— HOW TO COMPLETE THIS TASK —
Using the entries below, copy out all lines where "lemma" is found.

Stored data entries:
lemma elliptic_term_tendsto_0:
  "((\<lambda>e. - ((1 - e\<^sup>2)\<^sup>2 / e\<^sup>2) * dt\<^sup>2 *
      divg (\<lambda>y. ((p' e y - pinf (p' e)) / rho_hat dt (r e) (u e) y) *\<^sub>R grad (p' e) y) x) \<longlongrightarrow> 0)
    (at_right 0)"
proof -
  define g where
    "g i e = pd i (\<lambda>y. (p' e y - pinf (p' e)) * inverse (r' e y) * (pd i (p' e) y / e\<^sup>2)) x" for i e
  have "(g i \<longlongrightarrow> 0) (at_right 0)" for i
    unfolding g_def using C1_conv_at_tendsto_pd[OF C1_conv_elliptic_flux] by simp
  then have "((\<lambda>e. \<Sum>i\<in>UNIV. g i e) \<longlongrightarrow> 0) (at_right 0)"
    using tendsto_sum[of UNIV g "\<lambda>i. 0"] by simp
  then have "((\<lambda>e. - ((1 - e\<^sup>2)\<^sup>2) * dt\<^sup>2 * (\<Sum>i\<in>UNIV. g i e)) \<longlongrightarrow> - ((1 - 0\<^sup>2)\<^sup>2) * dt\<^sup>2 * 0)
      (at_right 0)"
    by (intro tendsto_intros)
  moreover have "\<forall>\<^sub>F e in at_right 0. - ((1 - e\<^sup>2)\<^sup>2) * dt\<^sup>2 * (\<Sum>i\<in>UNIV. g i e)
      = - ((1 - e\<^sup>2)\<^sup>2 / e\<^sup>2) * dt\<^sup>2 *
        divg (\<lambda>y. ((p' e y - pinf (p' e)) / rho_hat dt (r e) (u e) y) *\<^sub>R grad (p' e) y) x"
    using eventually_elliptic_divg_eq[where x=x] eventually_scheme_step
  proof eventually_elim
    case (elim e)
    then have "e \<noteq> 0"
      by simp
    then show ?case
      unfolding elim(1) g_def by (simp add: field_simps)
  qed
  ultimately show ?thesis
    using Lim_transform_eventually by fastforce
qed

lemma gradient_term_tendsto_0:
  "((\<lambda>e. - ((1 - e\<^sup>2)\<^sup>2 / (2 * e\<^sup>2)) * dt\<^sup>2 / rho_hat dt (r e) (u e) x * (norm (grad (p' e) x))\<^sup>2)
    \<longlongrightarrow> 0) (at_right 0)"
proof -
  have "((\<lambda>e. - ((1 - e\<^sup>2)\<^sup>2 / 2) * dt\<^sup>2 / r' e x * e\<^sup>2 * (\<Sum>i\<in>UNIV. (pd i (p' e) x / e\<^sup>2)\<^sup>2))
      \<longlongrightarrow> - ((1 - 0\<^sup>2)\<^sup>2 / 2) * dt\<^sup>2 / r0' x * 0\<^sup>2 * (\<Sum>i\<in>UNIV. (pd i p2' x)\<^sup>2)) (at_right 0)"
    using r0'_pos[of x]
    by (intro tendsto_intros C1_conv_at_tendsto[OF C1_conv_r'] C1_conv_at_tendsto[OF C1_conv_scaled_grad_p'])
      auto
  moreover have "\<forall>\<^sub>F e in at_right 0.
      - ((1 - e\<^sup>2)\<^sup>2 / 2) * dt\<^sup>2 / r' e x * e\<^sup>2 * (\<Sum>i\<in>UNIV. (pd i (p' e) x / e\<^sup>2)\<^sup>2)
      = - ((1 - e\<^sup>2)\<^sup>2 / (2 * e\<^sup>2)) * dt\<^sup>2 / rho_hat dt (r e) (u e) x * (norm (grad (p' e) x))\<^sup>2"
    using eventually_scheme_step eventually_rho_hat_eq
  proof eventually_elim
    case (elim e)
    have grad_sq: "(norm (grad (p' e) x))\<^sup>2 = e\<^sup>2 * e\<^sup>2 * (\<Sum>i\<in>UNIV. (pd i (p' e) x / e\<^sup>2)\<^sup>2)"
      using elim(1) by (simp add: norm_sq_vec grad_def sum_distrib_left power_divide)
    have "- (a / 2) * d / b * e\<^sup>2 * s = - (a / (2 * e\<^sup>2)) * d / b * (e\<^sup>2 * e\<^sup>2 * s)" for a b d s :: real
      using elim(1) by (cases "b = 0") (simp_all add: field_simps)
    then show ?case
      unfolding grad_sq elim(2) .
  qed
  ultimately show ?thesis
    using Lim_transform_eventually by fastforce
qed

lemma compression_term_tendsto_0:
  "((\<lambda>e. (1 - e\<^sup>2) * dt * (p' e x - pinf (p' e)) * divg (u_hat dt (r e) (u e) (p e)) x) \<longlongrightarrow> 0)
    (at_right 0)"
proof -
  have "((\<lambda>e. (1 - e\<^sup>2) * dt * (p' e x - pinf (p' e)) * divg (u_hat dt (r e) (u e) (p e)) x)
      \<longlongrightarrow> (1 - 0\<^sup>2) * dt * (p0' x - p0' x) * divg (\<lambda>y. u0' y + (dt / r0' y) *\<^sub>R grad p2' y) x)
      (at_right 0)"
    by (intro tendsto_intros C1_conv_at_tendsto[OF C1_conv_p'] tendsto_pinf_p' tendsto_divg C1_conv_u_hat)
  then show ?thesis
    by simp
qed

— PROBLEM SOLUTION —
lemma elliptic_term_tendsto_0:
lemma gradient_term_tendsto_0:
lemma compression_term_tendsto_0:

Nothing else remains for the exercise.